The primal point

Arthur Green points out that in Kabbalah, wisdom (Hokhmah) is also primordial teaching (like Buddhist dharma) which is a ‘twin process’ with God’s creation of the world.

As the primal point of existence, Hokhmah is symbolized by the yod, the smallest of the letters, the first point from which all the other letters will be written. Here all of Torah, the text and the commentary added to it in every generation—indeed all of human wisdom—is contained within a single yod.

— Green (2004, 40)

Knowledge is a single point, but the ignorant have multiplied it.

— Islamic hadith (“tradition”) attributed to the Prophet Muhammad or the Imám Alí

‘The ignorant’ here includes you and me and all sentient beings subject to explicit knowledge, whose complexity conceals the implicit knowledge by representing it as multiplex.
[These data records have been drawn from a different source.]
lemma split_variance_integrable:
  assumes r: "t_grid m \<le> r" and k: "k \<in> {1..N-1}" and int: "integrable P (\<lambda>\<omega>. (u m k \<omega>)\<^sup>2)"
  shows "integrable P (\<lambda>\<omega>. (u m k \<omega>)\<^sup>2 * exp (real N * (fq g (u m k \<omega>))\<^sup>2 * (r - t_grid m)))"
    and "integrable P (split_variance m r k)"
proof -
  have [measurable]: "fq g \<in> borel_measurable borel" "u m k \<in> borel_measurable P"
    using k by (simp_all add: fq_measurable u_measurable_P)
  have bound: "\<bar>(u m k \<omega>)\<^sup>2 * exp (real N * (fq g (u m k \<omega>))\<^sup>2 * (r - t_grid m))\<bar>
      \<le> exp (real N * L\<^sup>2 * (r - t_grid m)) * \<bar>u m k \<omega> * u m k \<omega>\<bar>" for \<omega>
  proof -
    have "real N * (fq g (u m k \<omega>))\<^sup>2 * (r - t_grid m) \<le> real N * L\<^sup>2 * (r - t_grid m)"
      using r fq_square_le by (simp add: mult_left_mono mult_right_mono)
    then have "exp (real N * (fq g (u m k \<omega>))\<^sup>2 * (r - t_grid m)) * \<bar>u m k \<omega> * u m k \<omega>\<bar>
        \<le> exp (real N * L\<^sup>2 * (r - t_grid m)) * \<bar>u m k \<omega> * u m k \<omega>\<bar>"
      by (intro mult_right_mono) simp_all
    then show ?thesis
      by (simp add: abs_mult power2_eq_square mult.commute)
  qed
  show "integrable P (\<lambda>\<omega>. (u m k \<omega>)\<^sup>2 * exp (real N * (fq g (u m k \<omega>))\<^sup>2 * (r - t_grid m)))"
  proof (rule integrable_le_mult_of_square_integrable[OF int int _ _ bound])
    show "(\<lambda>\<omega>. (u m k \<omega>)\<^sup>2 * exp (real N * (fq g (u m k \<omega>))\<^sup>2 * (r - t_grid m))) \<in> borel_measurable P"
      by measurable
  qed (rule exp_ge_zero)
  with int show "integrable P (split_variance m r k)"
    unfolding split_variance_def[abs_def] by (simp add: algebra_simps)
qed

lemma expectation_split_square:
  assumes r: "t_grid m \<le> r" and k: "k \<in> {1..N-1}" and int: "integrable P (\<lambda>\<omega>. (u m k \<omega>)\<^sup>2)"
  shows "integrable P (\<lambda>\<omega>. (split_factor m r k \<omega> * u m k \<omega>)\<^sup>2)"
    and "prob_space.expectation P (\<lambda>\<omega>. (split_factor m r k \<omega> * u m k \<omega>)\<^sup>2)
       = prob_space.expectation P (\<lambda>\<omega>. (u m k \<omega>)\<^sup>2) + prob_space.expectation P (split_variance m r k)"
proof -
  interpret prob_space P by (rule prob)
  have u_vec_k: "u_vec m \<omega> k = u m k \<omega>" for \<omega>
    using k by (rule u_vec_apply)
  have meas: "(\<lambda>x::nat \<Rightarrow> real. (x k)\<^sup>2) \<in> borel_measurable seq_borel"
    by measurable
  have "integrable P (\<lambda>\<omega>. (u_vec m \<omega> k)\<^sup>2 * exp (real N * (fq g (u m k \<omega>))\<^sup>2 * (r - t_grid m)))"
    using split_variance_integrable(1)[OF r k int] by (simp add: u_vec_k)
  note square = expectation_mult_split_factor_square[OF r k meas this]
  have "expectation (\<lambda>\<omega>. (u m k \<omega>)\<^sup>2 * exp (real N * (fq g (u m k \<omega>))\<^sup>2 * (r - t_grid m)))
      = expectation (\<lambda>\<omega>. (u m k \<omega>)\<^sup>2) + expectation (split_variance m r k)"
    using split_variance_integrable[OF r k int] int
    by (simp add: split_variance_def algebra_simps flip: Bochner_Integration.integral_add)
  with square show "integrable P (\<lambda>\<omega>. (split_factor m r k \<omega> * u m k \<omega>)\<^sup>2)"
    and "expectation (\<lambda>\<omega>. (split_factor m r k \<omega> * u m k \<omega>)\<^sup>2)
       = expectation (\<lambda>\<omega>. (u m k \<omega>)\<^sup>2) + expectation (split_variance m r k)"
    by (simp_all add: u_vec_k power_mult_distrib mult.commute)
qed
As Voltaire is said to have remarked in a different context, ‘the multitude of books is making us ignorant.’

Another hadith quotes the Imám Alí as saying that

All that is in the world is in the Qur’an, and all that is in the Qur’an is condensed in the first chapter of the Book, and all that is in the first chapter is in the basmala [first verse], and all that is in the basmala is in the bā’ [first letter, ب], and I am the point under the bā’.

(Lawson 2012, 102)

We might read this as a reference to the extreme compression of meaning found in turning signs. They seem to have a magical quality of turning meaning inside out, as it were, so that a single verse says it all: rather than serving as one of many particles in a vast System, it seems to be the point around which the System revolves – the I of the cyclone, in which Author and Reader are one with Scripture. As Northrop Frye puts it (1982, 208-9), ‘Ideally, every sentence is the key to the whole Bible … every sentence is a kind of linguistic monad.’

The Zohar (1:21a) speaks of ‘primordial light prevailing on the first day’; in the Babylonian Talmud, Rabbi El’azar said that ‘With the light created by the blessed holy one on the first day, one could gaze from one end of the universe to the other’ (ZP I.159).